Women and Sports Through History
Women’s participation in sports is usually seen as progressive since it is often linked with ideas of women’s liberation. Since the mid-1800s, when women were not encouraged to exercise or engage in many recreational activities outside of their homes, female participation in sports has been seen as an essential step in empowering women and establishing them as equals in society.
However, even though it seems like more and more girls and young women are getting involved in competitive sports and athletics than ever before, the reality is that we still have a long way to go to achieve adequate gender equity in athletics.
Of course, there have been a few women who have defied these norms and achieved great success in the world of sports. Billie Jean King is perhaps the most famous example. She was one of the first professional female tennis players and won 39 Grand Slam titles during her career.
Another notable woman in sports is Jackie Mitchell. Mitchell was the first professional female baseball player, signing a contract with the Chattanooga Lookouts. Mitchell was an incredible athlete and is widely known for striking out Babe Ruth in an exhibition game against the New York Yankees.
Women in Athletics Today
Women have achieved a lot since they began playing sports and fighting the odds. However, there are still many issues with equality in the athletic world today. According to Athlete Assessments, women make up 40% of sportspeople; however, as of 2020, they continue only to receive 4% of the total sports media coverage in print and broadcast devoted to them.
In addition, women are often paid less than men for playing the same sport. Research says that female athletes earn only 63% of their male counterparts. In fact, in the Forbes 2020 top 50 highest-paid athletes, one woman, Naomi Osaka, is sitting at number #29.
One of the chief reasons this happens is that women’s sports continue to receive less exposure than men’s sports. Thus, many young girls are not exposed to female athletes and their accomplishments. This perpetuates the idea that male athletes are better than female athletes, making it harder for young girls to feel like they belong in athletics.
Other problems with the way female sports are presented today include the fact that there are still very few athletic scholarships available for women; most women who play college athletics must pay their way through school (although there has been some progress on this front recently), and they often face discrimination when trying out for teams.
Despite all these challenges, however, there are signs of progress. In 2012, for example, The London Olympic Games featured an equal number of sports for women and men for the first time.
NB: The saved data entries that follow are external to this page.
lemma asum_empty [simp]: "asum A f {} = vzero"
  using asum_eq_vsum_list[of "{}" "[]" f] by simp

lemma asum_insert:
  assumes "finite I" "i \<notin> I" "f i \<in> C" "\<forall>j\<in>I. f j \<in> C"
  shows "asum A f (insert i I) = vadd (f i) (asum A f I)"
proof -
  obtain xs where "distinct xs" "set xs = I" using assms(1) finite_distinct_list by blast
  then show ?thesis using assms asum_eq_vsum_list[of I xs f] asum_eq_vsum_list[of "insert i I" "i # xs" f]
    by simp
qed

lemma asum_in [simp]: "finite I \<Longrightarrow> \<forall>i\<in>I. f i \<in> C \<Longrightarrow> asum A f I \<in> C"
  by (induction I rule: finite_induct) (auto simp: asum_insert)

lemma asum_cong: "finite I \<Longrightarrow> (\<And>i. i \<in> I \<Longrightarrow> f i = g i) \<Longrightarrow> asum A f I = asum A g I"
proof -
  assume I: "finite I" and fg: "\<And>i. i \<in> I \<Longrightarrow> f i = g i"
  define xs where "xs = (SOME xs. distinct xs \<and> set xs = I)"
  have "set xs = I" unfolding xs_def using I some_distinct_list by blast
  moreover have "set ys \<subseteq> I \<Longrightarrow>
      foldr (\<lambda>i acc. vadd (f i) acc) ys vzero = foldr (\<lambda>i acc. vadd (g i) acc) ys vzero" for ys
    using fg by (induction ys) auto
  ultimately show ?thesis unfolding asum_def xs_def[symmetric] by simp
qed

lemma asum_neutral: "finite I \<Longrightarrow> (\<And>i. i \<in> I \<Longrightarrow> f i = vzero) \<Longrightarrow> asum A f I = vzero"
proof (induction I rule: finite_induct)
  case (insert i I)
  then show ?case by (simp add: asum_insert)
qed simp

lemma asum_vadd: "finite I \<Longrightarrow> \<forall>i\<in>I. f i \<in> C \<Longrightarrow> \<forall>i\<in>I. g i \<in> C \<Longrightarrow>
  asum A (\<lambda>i. vadd (f i) (g i)) I = vadd (asum A f I) (asum A g I)"
  by (induction I rule: finite_induct) (auto simp: asum_insert vadd_swap_middle)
This demonstrated that people are beginning to take women’s sports more seriously and that they are willing to support female athletes who achieve great things.
Gracias, Las Diablillas!
What has happened with the Little Devils is nothing short of amazing and inspiring. Las Diablillas team symbolizes hope to many Indigenous women in Mexico and beyond. They have shown that nothing can stop a determined group of women who come together to pursue a common goal. Their victory against machismo and sexism is a triumph for all women.